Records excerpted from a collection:
definition nsCRAIG_upto ::
  "nat \<Rightarrow> nat \<Rightarrow> real mat \<Rightarrow> real mat \<Rightarrow> real mat \<Rightarrow> real mat \<Rightarrow> real vec \<Rightarrow> nat \<Rightarrow>
   (nat \<Rightarrow> real vec) \<Rightarrow> (nat \<Rightarrow> real vec) \<Rightarrow> (nat \<Rightarrow> real vec) \<Rightarrow> (nat \<Rightarrow> real vec) \<Rightarrow>
   (nat \<Rightarrow> real) \<Rightarrow> (nat \<Rightarrow> real vec) \<Rightarrow> (nat \<Rightarrow> real vec) \<Rightarrow>
   (nat \<Rightarrow> real vec) \<Rightarrow> (nat \<Rightarrow> real vec) \<Rightarrow> (nat \<Rightarrow> real) \<Rightarrow> bool" where
  "nsCRAIG_upto m n M A C N b k q w r s \<alpha> v t h g \<beta> \<longleftrightarrow>
     \<beta> 1 = Gnorm (minv N) b \<and>
     q 1 = (1 / \<beta> 1) \<cdot>\<^sub>v (minv N *\<^sub>v b) \<and>
     r 1 = q 1 \<and>
     w 1 = minv M *\<^sub>v (A *\<^sub>v q 1) \<and>
     (\<forall>j. 1 \<le> j \<and> j \<le> k \<longrightarrow>
        s j = C *\<^sub>v r j \<and>
        \<alpha> j = sqrt (w j \<bullet> (M *\<^sub>v w j) + r j \<bullet> s j) \<and>
        \<alpha> j \<noteq> 0 \<and>
        v j = (1 / \<alpha> j) \<cdot>\<^sub>v w j \<and>
        t j = (1 / \<alpha> j) \<cdot>\<^sub>v s j \<and>
        h j = (colsmat n q j)\<^sup>T *\<^sub>v (N *\<^sub>v (minv N *\<^sub>v (A\<^sup>T *\<^sub>v v j + t j))) \<and>
        g j = minv N *\<^sub>v (A\<^sup>T *\<^sub>v v j + t j) - colsmat n q j *\<^sub>v h j) \<and>
     (\<forall>j. 1 \<le> j \<and> j < k \<longrightarrow>
        \<beta> (j+1) = Gnorm N (g j) \<and>
        \<beta> (j+1) \<noteq> 0 \<and>
        q (j+1) = (1 / \<beta> (j+1)) \<cdot>\<^sub>v g j \<and>
        w (j+1) = minv M *\<^sub>v (A *\<^sub>v q (j+1)) - \<beta> (j+1) \<cdot>\<^sub>v v j \<and>
        r (j+1) = q (j+1) - (\<beta> (j+1) / \<alpha> j) \<cdot>\<^sub>v r j)"

end

theory Submission
  imports Defs
begin

(* Each column relation restates one line of the recurrence: the two-term recurrences for r_j
   and w_j say Q_k = D_k B_k and M^-1 A Q_k = V_k B_k, and C (r_j / alpha_j) = t_j gives
   C Q_k = T_k B_k.  The q_j arise by N-orthogonal Gram-Schmidt, so inductively Q_k^T N Q_k = I
   and Q_k^T N g_k = 0, and the definition of g_j reads A^T V_k + T_k = N (Q_k H_k + g_k e_k^T).
   Multiplying by Q_k^T gives H_k = Q_k^T (A^T V_k + T_k) = B_k^T (V_k^T M^T V_k + D_k^T C D_k)
   = B_k^T L_k^T, using that D_k^T C D_k is symmetric.  L_k has unit diagonal by the
   normalisation defining alpha_j, and it is lower triangular because H_k is upper Hessenberg
   with the same subdiagonal beta as the lower bidiagonal factor B_k^T.  Finally
   N^-1 S Q_k = N^-1 (A^T V_k + T_k) B_k, and e_k^T B_k = alpha_k e_k^T. *)

lemma pos_def_quadratic_nonneg:
  assumes "pos_def d X" "x \<in> carrier_vec d"
  shows "0 \<le> x \<bullet> (X *\<^sub>v x)"
  using assms unfolding pos_def_def by (cases "x = 0\<^sub>v d") (auto intro: less_imp_le)

lemma pos_def_minv:
  assumes "pos_def d X"
  shows "minv X \<in> carrier_mat d d" "X * minv X = 1\<^sub>m d" "minv X * X = 1\<^sub>m d"
proof -
  have X: "X \<in> carrier_mat d d" using assms unfolding pos_def_def by auto
  have "det X \<noteq> 0"
  proof
    assume "det X = 0"
    then obtain x where x: "x \<in> carrier_vec d" "x \<noteq> 0\<^sub>v d" "X *\<^sub>v x = 0\<^sub>v d"
      using det_0_iff_vec_prod_zero[OF X] by auto
    then have "x \<bullet> (X *\<^sub>v x) > 0" using assms unfolding pos_def_def by auto
    with x show False by simp
  qed
  then have "X \<in> Units (ring_mat TYPE(real) d ())" using det_non_zero_imp_unit[OF X] by auto
  then obtain Y where "mat_inverse X = Some Y"
    using mat_inverse(1)[OF X, where b="()"] by (cases "mat_inverse X") auto
  then show "minv X \<in> carrier_mat d d" "X * minv X = 1\<^sub>m d" "minv X * X = 1\<^sub>m d"
    using mat_inverse(2)[OF X] unfolding minv_def by auto
qed

lemma pos_def_Gnorm_nonzero:
  assumes "pos_def d G" "x \<in> carrier_vec d" "x \<noteq> 0\<^sub>v d"
  shows "Gnorm G x \<noteq> 0"
  using assms unfolding pos_def_def Gnorm_def by auto

lemma Gnorm_normalized:
  assumes G: "pos_def d G" and x: "x \<in> carrier_vec d" and nz: "Gnorm G x \<noteq> 0"
  shows "((1 / Gnorm G x) \<cdot>\<^sub>v x) \<bullet> (G *\<^sub>v ((1 / Gnorm G x) \<cdot>\<^sub>v x)) = 1"
proof -
  have "G \<in> carrier_mat d d" using G unfolding pos_def_def by simp
  then have "((1 / Gnorm G x) \<cdot>\<^sub>v x) \<bullet> (G *\<^sub>v ((1 / Gnorm G x) \<cdot>\<^sub>v x))
      = (x \<bullet> (G *\<^sub>v x)) / (Gnorm G x)\<^sup>2"
    using x by (simp add: mult_mat_vec power2_eq_square)
  also have "x \<bullet> (G *\<^sub>v x) = (Gnorm G x)\<^sup>2"
    using pos_def_quadratic_nonneg[OF G x] unfolding Gnorm_def by simp
  finally show ?thesis using nz by simp
qed

lemma symmetric_bilinear_commute:
  fixes X :: "real mat"
  assumes X: "X \<in> carrier_mat d d" "X\<^sup>T = X" and x: "x \<in> carrier_vec d" and y: "y \<in> carrier_vec d"
  shows "x \<bullet> (X *\<^sub>v y) = y \<bullet> (X *\<^sub>v x)"
  using transpose_vec_mult_scalar[OF X(1) y x] X(2)
    comm_scalar_prod[OF mult_mat_vec_carrier[OF X(1) x] y] by simp

(* Variants of the carrier-based library rules whose side conditions mention only dimensions:
   simp can discharge those, so with these rules it normalises matrix expressions. *)
lemma assoc_mult_mat_dims:
  fixes A B C :: "'a :: semiring_0 mat"
  shows "dim_col A = dim_row B \<Longrightarrow> dim_col B = dim_row C \<Longrightarrow> A * B * C = A * (B * C)"
  by (rule assoc_mult_mat[of A "dim_row A" "dim_col A" B "dim_col B" C "dim_col C"]) auto

lemma mult_add_distrib_mat_dims:
  fixes A B C :: "'a :: semiring_0 mat"
  shows "dim_col A = dim_row B \<Longrightarrow> dim_row C = dim_row B \<Longrightarrow> dim_col C = dim_col B
    \<Longrightarrow> A * (B + C) = A * B + A * C"
  by (rule mult_add_distrib_mat[of A "dim_row A" "dim_col A" B "dim_col B" C]) auto

lemma add_mult_distrib_mat_dims:
  fixes A B C :: "'a :: semiring_0 mat"
  shows "dim_row B = dim_row A \<Longrightarrow> dim_col B = dim_col A \<Longrightarrow> dim_col A = dim_row C
    \<Longrightarrow> (A + B) * C = A * C + B * C"
  by (rule add_mult_distrib_mat[of A "dim_row A" "dim_col A" B C "dim_col C"]) auto

lemma transpose_mult_dims:
  fixes A B :: "'a :: comm_semiring_0 mat"
  shows "dim_col A = dim_row B \<Longrightarrow> (A * B)\<^sup>T = B\<^sup>T * A\<^sup>T"
  by (rule transpose_mult[of A "dim_row A" "dim_col A" B "dim_col B"]) auto

lemma transpose_add_dims:
  fixes A B :: "'a :: plus mat"
  shows "dim_row B = dim_row A \<Longrightarrow> dim_col B = dim_col A \<Longrightarrow> (A + B)\<^sup>T = A\<^sup>T + B\<^sup>T"
  by (rule transpose_add[of A "dim_row A" "dim_col A" B]) auto

lemmas mat_algebra_dims = assoc_mult_mat_dims mult_add_distrib_mat_dims add_mult_distrib_mat_dims
  transpose_mult_dims transpose_add_dims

• Exercise directions
Your answer should consist solely of the lines above from the line with "r 1 = q 1 \<and>" to the line with "g j = minv N", both included, reproduced exactly.

• Reply
     r 1 = q 1 \<and>
     w 1 = minv M *\<^sub>v (A *\<^sub>v q 1) \<and>
     (\<forall>j. 1 \<le> j \<and> j \<le> k \<longrightarrow>
        s j = C *\<^sub>v r j \<and>
        \<alpha> j = sqrt (w j \<bullet> (M *\<^sub>v w j) + r j \<bullet> s j) \<and>
        \<alpha> j \<noteq> 0 \<and>
        v j = (1 / \<alpha> j) \<cdot>\<^sub>v w j \<and>
        t j = (1 / \<alpha> j) \<cdot>\<^sub>v s j \<and>
        h j = (colsmat n q j)\<^sup>T *\<^sub>v (N *\<^sub>v (minv N *\<^sub>v (A\<^sup>T *\<^sub>v v j + t j))) \<and>
        g j = minv N *\<^sub>v (A\<^sup>T *\<^sub>v v j + t j) - colsmat n q j *\<^sub>v h j) \<and>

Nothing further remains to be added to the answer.